President Barack Obama has taken aim at the Second Amendment plenty of times. Now, he’s taking aim at the First Amendment, too.
In a speech in Pittsburgh on Thursday, Obama derided the “wild, wild west” style of journalism, in which people are able to exercise their freedom of speech to say unpopular things, and intimated that there had to be a role in determining what “is reliable” — a role he seemed to intimate he would like to have a part in.
According to the AFP (via Breitbart), Obama made the remarks at the White House for Frontiers conference. KDKA-TV described the conference as a “showcase for future innovation.” However, when it came to journalism, President Obama seemed to prefer the pre-digital days when three or four mostly liberal sources gave you your information and you liked it, goshdarnit.
“We are going to have to rebuild within this wild-wild-west-of-information flow some sort of curating function that people agree to,” Obama told the audience.
I’d like to here point out that said curating function already exists — people see news, research it independently, decide on its veracity and whether the viewpoints expressed work for them, and then vote with their clicks on whether or not they like something.
The curating function Obama seems to be talking about, however, is more of a gatekeeping by cultural elites.
“There has to be, I think, some sort of way in which we can sort through information that passes some basic truthiness tests and those that we have to discard, because they just don’t have any basis in anything that’s actually happening in the world,” Obama said.
Here, I’m not entirely certain Obama is talking about The Onion.
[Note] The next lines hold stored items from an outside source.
lemma inverse_one_minus_power_le_exp:
  fixes y :: real
  assumes "0 \<le> y" "y \<le> 1 / 2"
  shows "inverse ((1 - y) ^ n) \<le> exp (2 * y * real n)"
proof -
  have "- 2 * y \<le> - y - 2 * y\<^sup>2"
    using assms mult_left_mono[of y "1 / 2" "2 * y"] by (simp add: power2_eq_square)
  also have "\<dots> \<le> ln (1 - y)" by (rule ln_one_minus_pos_lower_bound) fact+
  finally have "exp (real n * (- 2 * y)) \<le> exp (real n * ln (1 - y))"
    by (intro exp_mono mult_left_mono) auto
  also have "\<dots> = (1 - y) ^ n" using assms by (simp add: exp_of_nat_mult)
  finally have "inverse ((1 - y) ^ n) \<le> inverse (exp (real n * (- 2 * y)))"
    by (intro le_imp_inverse_le) auto
  then show ?thesis by (simp add: exp_minus mult_ac)
qed

lemma norm_twisted_factor_ge:
  assumes \<rho>: "primitive_root_unity k \<rho>" and \<theta>: "0 < \<theta>"
    and c: "0 < c" "\<And>r \<psi>. r \<in> {1..<k} \<Longrightarrow> \<psi> \<in> {0..\<theta>} \<Longrightarrow> c \<le> cmod (\<rho> ^ r * cis \<psi> - 1)"
    and m: "m \<in> {1..M}" and r: "r \<in> {1..k}"
  shows "(1 - \<theta> / (real M * c)) * cmod (\<rho> ^ r * cis (real m * \<theta> / real M) - 1)
           \<le> cmod (\<rho> ^ (k * (m - 1) + r) * exp (\<i> * of_real (real (k * (m - 1) + r) * \<theta> / real (k * M))) - 1)"
proof -
  txt \<open>The angle \<open>\<phi>\<close> of the \<open>j\<close>-th factor, \<open>j = k (m - 1) + r\<close>, lies in \<open>[\<psi> - \<theta> / M, \<psi>]\<close>.\<close>
  define \<psi> where "\<psi> = real m * \<theta> / real M"
  define \<phi> where "\<phi> = real (k * (m - 1) + r) * \<theta> / real (k * M)"
  define b where "b = \<rho> ^ r * cis \<psi> - 1"
  define y where "y = \<theta> / (real M * c)"
  have k: "real k > 0" "\<rho> ^ k = 1" using \<rho> by (auto simp: primitive_root_unity_def)
  have M: "real M > 0" using m by simp
  have y: "0 \<le> y" using \<theta> c M by (simp add: y_def)
  have "\<rho> ^ (k * (m - 1) + r) = \<rho> ^ r"
    using k(2) by (simp add: power_add power_mult)
  then have lhs: "\<rho> ^ (k * (m - 1) + r) * exp (\<i> * of_real \<phi>) - 1 = \<rho> ^ r * cis \<phi> - 1"
    by (simp add: cis_conv_exp)
  have diff: "\<psi> - \<phi> = (real k - real r) * \<theta> / (real k * real M)"
    using m k M by (simp add: \<psi>_def \<phi>_def of_nat_diff field_simps)
  have "(real k - real r) * \<theta> / (real k * real M) \<le> real k * \<theta> / (real k * real M)"
    using r \<theta> k M by (intro divide_right_mono) auto
  then have d: "0 \<le> \<psi> - \<phi>" "\<psi> - \<phi> \<le> \<theta> / real M"
    using r \<theta> k M unfolding diff by auto
  have "(1 - y) * cmod b \<le> cmod (\<rho> ^ r * cis \<phi> - 1)"
  proof (cases "r = k")
    case True
    then have "\<phi> = \<psi>" using diff by simp
    then show ?thesis using y by (simp add: b_def algebra_simps)
  next
    case False
    have "\<psi> \<in> {0..\<theta>}" using m \<theta> M by (auto simp: \<psi>_def field_simps)
    then have "c \<le> cmod b" using False r c(2) by (simp add: b_def)
    moreover have "cmod ((\<rho> ^ r * cis \<phi> - 1) - b) = cmod (cis \<phi> - cis \<psi>)"
      using primitive_root_unity_norm[OF \<rho>]
      by (simp add: b_def norm_mult norm_power flip: right_diff_distrib)
    then have "cmod ((\<rho> ^ r * cis \<phi> - 1) - b) \<le> y * c"
      using norm_cis_diff_le[of \<phi> \<psi>] d c M by (simp add: y_def)
    ultimately show ?thesis
      using y by (intro norm_ge_one_minus_mult_norm)
  qed
  then show ?thesis using lhs by (simp add: b_def y_def \<psi>_def \<phi>_def)
qed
When it comes to news sources that “don’t have any basis in anything that’s actually happening in the world,” what he’s talking about is the ones he can’t influence.
You know, news sources unlike CNBC, where one of the anchors was recently discovered to have supported an Obama nominee after an email from someone connected to the administration saying that “any American should be glad that the President picked someone so competent to head such a critically important agency.”
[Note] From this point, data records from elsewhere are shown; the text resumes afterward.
lemma GE_hub_literal:
  "j < length cs \<Longrightarrow> (i, s) \<in> cs ! j \<Longrightarrow> i < n \<Longrightarrow> b \<in> {1,2} \<Longrightarrow>
   GE n cs (CV j b) (XV i (if s then 1 else 2)) \<and> GE n cs (CV j b) (XV i b)"
  by (cases s) (auto simp: GE_CX)

lemma GE_clause_hub_core: "j < length cs \<Longrightarrow> c \<in> {1,2,6} \<Longrightarrow> a \<in> {3,4,5} \<Longrightarrow> GE n cs (CV j c) (CV j a)"
  by (simp add: GE_CC) (elim disjE; simp)

lemma GE_clause_core_core:
  "j < length cs \<Longrightarrow> a \<in> {3,4,5} \<Longrightarrow> a' \<in> {3,4,5} \<Longrightarrow> a \<noteq> a' \<Longrightarrow> GE n cs (CV j a) (CV j a')"
  by (simp add: GE_CC) (elim disjE; simp)

lemma GE_hub_hub:
  "j \<noteq> k \<Longrightarrow> j < length cs \<Longrightarrow> k < length cs \<Longrightarrow> b \<in> {1,2} \<Longrightarrow> b' \<in> {1,2} \<Longrightarrow> GE n cs (CV j b) (CV k b')"
  by (simp add: GE_CC)

lemma GE_clause_core_twins:
  assumes "a \<in> {3,4,5}" "a' \<in> {3,4,5}" "z \<noteq> CV j a" "z \<noteq> CV j a'"
  shows "GE n cs (CV j a) z \<longleftrightarrow> GE n cs (CV j a') z"
  using assms GE_CV_core_iff[OF assms(1), of n cs z j] GE_CV_core_iff[OF assms(2), of n cs z j]
  by (simp add: GE_sym[of n cs "CV j a"] GE_sym[of n cs "CV j a'"])

lemma GE_var_twins: "z \<noteq> XV i 4 \<Longrightarrow> z \<noteq> XV i 5 \<Longrightarrow> GE n cs (XV i 4) z \<longleftrightarrow> GE n cs (XV i 5) z"
  by (simp add: GE_sym[of n cs "XV i 4"] GE_sym[of n cs "XV i 5"] GE_XV45_iff)

definition var_gadget :: "nat \<Rightarrow> gvert set" where
  "var_gadget i = {XV i 1, XV i 2, XV i 3, XV i 4, XV i 5}"

definition clause_gadget :: "nat \<Rightarrow> gvert set" where
  "clause_gadget j = {CV j 1, CV j 2, CV j 3, CV j 4, CV j 5, CV j 6}"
Obama tried to put a fig leaf over the controversial nature of his remarks by insisting that he wasn’t discussing censorship.
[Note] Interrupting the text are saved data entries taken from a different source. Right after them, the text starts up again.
lemma maxsimp_eq_facets:
  assumes pure: "pure_complex n m F" and m1: "1 \<le> m"
    and single: "\<forall>D\<in>cliques n m F. card D = 1"
  shows "maxsimp n m F = F"
proof -
  have facet: "A \<subseteq> {1..n}" "finite A" "card A = m" if "A \<in> F" for A
    using pure that finite_subset unfolding pure_complex_def by auto
  have card_max: "card G = m" if G: "G \<in> maxsimp n m F" for G
  proof -
    have G_sub: "G \<subseteq> {1..n}" and "m \<le> card G"
      using G unfolding maxsimp_def simplS_def by auto
    have "skel m G \<in> cliques n m F" using G unfolding cliques_def by blast
    then have "card (skel m G) \<le> 1" using single by simp
    moreover have "finite G" using G_sub finite_subset by blast
    ultimately show ?thesis using card_eq_if_skel_single m1 \<open>m \<le> card G\<close> by blast
  qed
  have fin_S: "finite (simplS n m F)"
  proof -
    have "simplS n m F \<subseteq> Pow {1..n}" unfolding simplS_def by blast
    then show ?thesis by (rule finite_subset) simp
  qed
  show ?thesis
  proof
    show "maxsimp n m F \<subseteq> F"
    proof
      fix G assume G: "G \<in> maxsimp n m F"
      then have "G \<subseteq> {1..n}" "skel m G \<subseteq> F" unfolding maxsimp_def simplS_def by auto
      moreover have "skel m G = {G}"
        using \<open>G \<subseteq> {1..n}\<close> card_max[OF G] by (intro skel_of_card) (auto intro: finite_subset)
      ultimately show "G \<in> F" by simp
    qed
  next
    show "F \<subseteq> maxsimp n m F"
    proof
      fix A assume A: "A \<in> F"
      have A_S: "A \<in> simplS n m F"
        using facet[OF A] skel_of_card[of A m] A unfolding simplS_def by auto
      have "H = A" if H: "H \<in> simplS n m F" "A \<subseteq> H" for H
      proof -
        obtain M where M: "M \<in> simplS n m F" "H \<subseteq> M" "\<forall>M'\<in>simplS n m F. M \<subseteq> M' \<longrightarrow> M = M'"
          using finite_has_maximal2[OF fin_S H(1)] by blast
        then have "M \<in> maxsimp n m F" unfolding maxsimp_def by auto
        then have "card M = m" by (rule card_max)
        moreover have "finite M" using M(1) finite_subset unfolding simplS_def by blast
        moreover have "A \<subseteq> M" using H(2) M(2) by blast
        ultimately have "A = M" using card_subset_eq facet(3)[OF A] by metis
        then show "H = A" using H(2) M(2) by blast
      qed
      then show "A \<in> maxsimp n m F" using A_S unfolding maxsimp_def by blast
    qed
  qed
qed

lemma cliques_eq_facets:
  assumes pure: "pure_complex n m F" and "1 \<le> m"
    and "\<forall>D\<in>cliques n m F. card D = 1"
  shows "cliques n m F = (\<lambda>A. {A}) ` F"
proof -
  have "skel m A = {A}" if "A \<in> F" for A
    using pure that finite_subset unfolding pure_complex_def by (intro skel_of_card) auto
  then show ?thesis
    unfolding cliques_def maxsimp_eq_facets[OF assms] by (rule image_cong[OF refl])
qed

lemma one_point_family_of_conditions:
  assumes pure: "pure_complex n m F" and cl: "cliques n m F = (\<lambda>A. {A}) ` F"
    and ci: "cond_i n m F" and cii: "cond_ii n m F" and complete: "G_complete n m F"
  shows "one_point_family m F"
proof
  fix A assume "A \<in> F"
  then show "finite A" "card A = m"
    using pure finite_subset unfolding pure_complex_def by auto
next
  fix A B assume AB: "A \<in> F" "B \<in> F" "A \<noteq> B"
  then have cliques_AB: "{A} \<in> cliques n m F" "{B} \<in> cliques n m F" "{A} \<noteq> {B}"
    using cl by auto
  have "card (Vtx {A} \<inter> Vtx {B}) \<le> 1"
    using ci[unfolded cond_i_def, rule_format, OF cliques_AB] .
  moreover have "Vtx {A} \<inter> Vtx {B} \<noteq> {}"
    using complete[unfolded G_complete_def, rule_format, OF cliques_AB] .
  ultimately have at_most_one: "card (A \<inter> B) \<le> 1" and nonempty: "A \<inter> B \<noteq> {}"
    by (simp_all add: Vtx_def)
  have "A \<subseteq> {1..n}" using pure AB(1) unfolding pure_complex_def by blast
  then have "finite (A \<inter> B)" using finite_subset by blast
  then have "card (A \<inter> B) > 0" using nonempty by (simp add: card_gt_0_iff)
  then show "card (A \<inter> B) = 1" using at_most_one by linarith
next
  fix A B C assume "A \<in> F" "B \<in> F" "C \<in> F" "A \<noteq> B" "A \<noteq> C" "B \<noteq> C"
  then have "{A} \<in> cliques n m F" "{B} \<in> cliques n m F" "{C} \<in> cliques n m F"
    "{A} \<noteq> {B} \<and> {A} \<noteq> {C} \<and> {B} \<noteq> {C}" using cl by auto
  then have "Vtx {A} \<inter> Vtx {B} \<inter> Vtx {C} = {}"
    using cii[unfolded cond_ii_def, rule_format] by blast
  then show "A \<inter> B \<inter> C = {}" by (simp add: Vtx_def)
qed

theorem corollary3p5:
  fixes n m :: nat and F :: "nat set set"
  assumes "pure_complex n m F"
    and "m \<ge> 3"
    and "cond_i n m F"
    and "cond_ii n m F"
    and "\<forall>D\<in>cliques n m F. card D = 1"
    and "G_complete n m F"
  shows "is_closed n m F \<longleftrightarrow> m \<ge> card (cliques n m F)"
proof -
  have sub: "\<Union>F \<subseteq> {1..n}" using assms(1) unfolding pure_complex_def by blast
  then have fin: "finite F" by (simp add: finite_UnionD finite_subset)
  have cl: "cliques n m F = (\<lambda>A. {A}) ` F"
    using assms(1,2,5) by (intro cliques_eq_facets) auto
  then have r: "card (cliques n m F) = card F" by (simp add: card_image)
  have opf: "one_point_family m F"
    using one_point_family_of_conditions[OF assms(1) cl assms(3,4,6)] .
  show ?thesis unfolding r
  proof
    assume "is_closed n m F"
    then obtain \<sigma> where \<sigma>: "bij_betw \<sigma> {1..n} {1..n}" "closed_wrt m ((`) \<sigma> ` F)"
      unfolding is_closed_def by blast
    have "inj_on \<sigma> (\<Union>F)" using bij_betw_imp_inj_on[OF \<sigma>(1)] sub by (rule inj_on_subset)
    note relabelled = one_point_family.relabel[OF opf this]
    show "card F \<le> m"
      using not_closed_if_many_facets[OF relabelled(1) _ assms(2)] relabelled(2) \<sigma>(2) fin
      by fastforce
  next
    assume "card F \<le> m"
    then show "is_closed n m F"
      using closed_labeling_exists[OF opf fin sub] unfolding is_closed_def by blast
  qed
qed

end
(* Let $P$ be a finite type $\mathbb{N}$-graded upho poset with minimum element $\hat 0$, and suppose $P$ is a meet semilattice. Then $\mu(\hat 0,p)=0$ for all but finitely many $p\in P$; consequently $\chi_P(x)$ is a polynomial, and $F_P(x)=1/\chi_P(x)$ is the reciprocal of a polynomial. More precisely, $\chi_P(x)=\sum_{p\in P'}\mu(\hat0,p)x^{\rho(p)}$, where $P'$ is the finite subposet of $P$ consisting of all elements lying below some join (least upper bound) of a finite set of atoms of $P$, and $P'$ is a finite graded meet semilattice.
   Context: A poset $P$ is $\mathbb{N}$-graded if $P = P_0\sqcup P_1\sqcup P_2\sqcup\cdots$ (disjoint union) such that every maximal chain has the form $p_0\lessdot p_1\lessdot p_2\lessdot\cdots$ with $p_i\in P_i$ for all $i$. Its rank function $\rho\colon P\to\mathbb{N}$ is $\rho(p)=i$ for $p\in P_i$. $P$ has finite type if $\#P_i<\infty$ for all $i$. The rank generating function is $F_P(x)=\sum_{p\in P}x^{\rho(p)}$, and with $\mu$ the Möbius function of $P$, the characteristic generating function is $\chi_P(x)=\sum_{p\in P}\mu(\hat 0,p)x^{\rho(p)}$. $P$ is upper homogeneous (upho) if for every $p\in P$ the principal order filter $V_p=\{q\in P: q\ge p\}$ is isomorphic to $P$. Atoms are the elements covering $\hat 0$ (there are finitely many, by finite type). A meet semilattice is a poset in which every pair of elements has a greatest lower bound. *)

theory Defs
  imports "HOL-Computational_Algebra.Polynomial_FPS"
begin

(* All posets are subsets P of a type 'a carrying the (partial) order of class order,
   with the induced order. *)

definition covers :: "'a::order set \<Rightarrow> 'a \<Rightarrow> 'a \<Rightarrow> bool" where
  "covers P x y \<longleftrightarrow> x \<in> P \<and> y \<in> P \<and> x < y \<and> \<not> (\<exists>z\<in>P. x < z \<and> z < y)"

definition maximal_chain :: "'a::order set \<Rightarrow> 'a set \<Rightarrow> bool" where
  "maximal_chain P C \<longleftrightarrow> C \<subseteq> P \<and> Complete_Partial_Order.chain (\<le>) C \<and>
     (\<forall>D. D \<subseteq> P \<and> Complete_Partial_Order.chain (\<le>) D \<and> C \<subseteq> D \<longrightarrow> D = C)"

definition graded :: "'a::order set \<Rightarrow> ('a \<Rightarrow> nat) \<Rightarrow> bool" where
  "graded P rho \<longleftrightarrow>
     (\<forall>C. maximal_chain P C \<longrightarrow>
        (\<exists>(f::nat \<Rightarrow> 'a) (N::nat set). (N = UNIV \<or> (\<exists>n. N = {..<n})) \<and> C = f ` N \<and>
           (\<forall>i. Suc i \<in> N \<longrightarrow> covers P (f i) (f (Suc i))) \<and>
           (\<forall>i\<in>N. rho (f i) = i)))"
“That is hard to do, but I think it’s going to be necessary, it’s going to be possible,” he said. “The answer is obviously not censorship, but it’s creating places where people can say ‘this is reliable’ and I’m still able to argue safely about facts and what we should do about it.”
Isaac Babel — a brilliant Soviet writer who was imprisoned and killed by the government when his brutal, hyperkinetic, modernist style was deemed counterrevolutionary by Stalin’s regime — long tried to balance his artistic freedom with his freedom to stay the heck out of the gulag. As such, when he wrote or appeared in public, he often made veiled statements that didn’t criticize the socialist regime on face — but which, upon closer examination, offered a brutal critique of its censorship.
During a 1934 speech at the International Writers Conference in Moscow, Babel insisted — with a certain wryness — that there was no censorship for writers in the Soviet Union.
“The only freedom taken away,” Babel dourly remarked, “is the freedom to write badly.”
I am not suggesting that the president is an heir to the mantle of Stalin, or even anything more than the most distant of ideological relatives. However, what he proposed in Pittsburgh had the same lurking sinisterness behind it, albeit with more sunshine and, perhaps, good intentions.
He doesn’t want to censor anyone, he says. He just wants someone who will tell you what’s good and what’s bad — preferably confirming his worldview, of course.
What the president wants to take away, in other words, is “the freedom to write badly.” That ought to scare every American.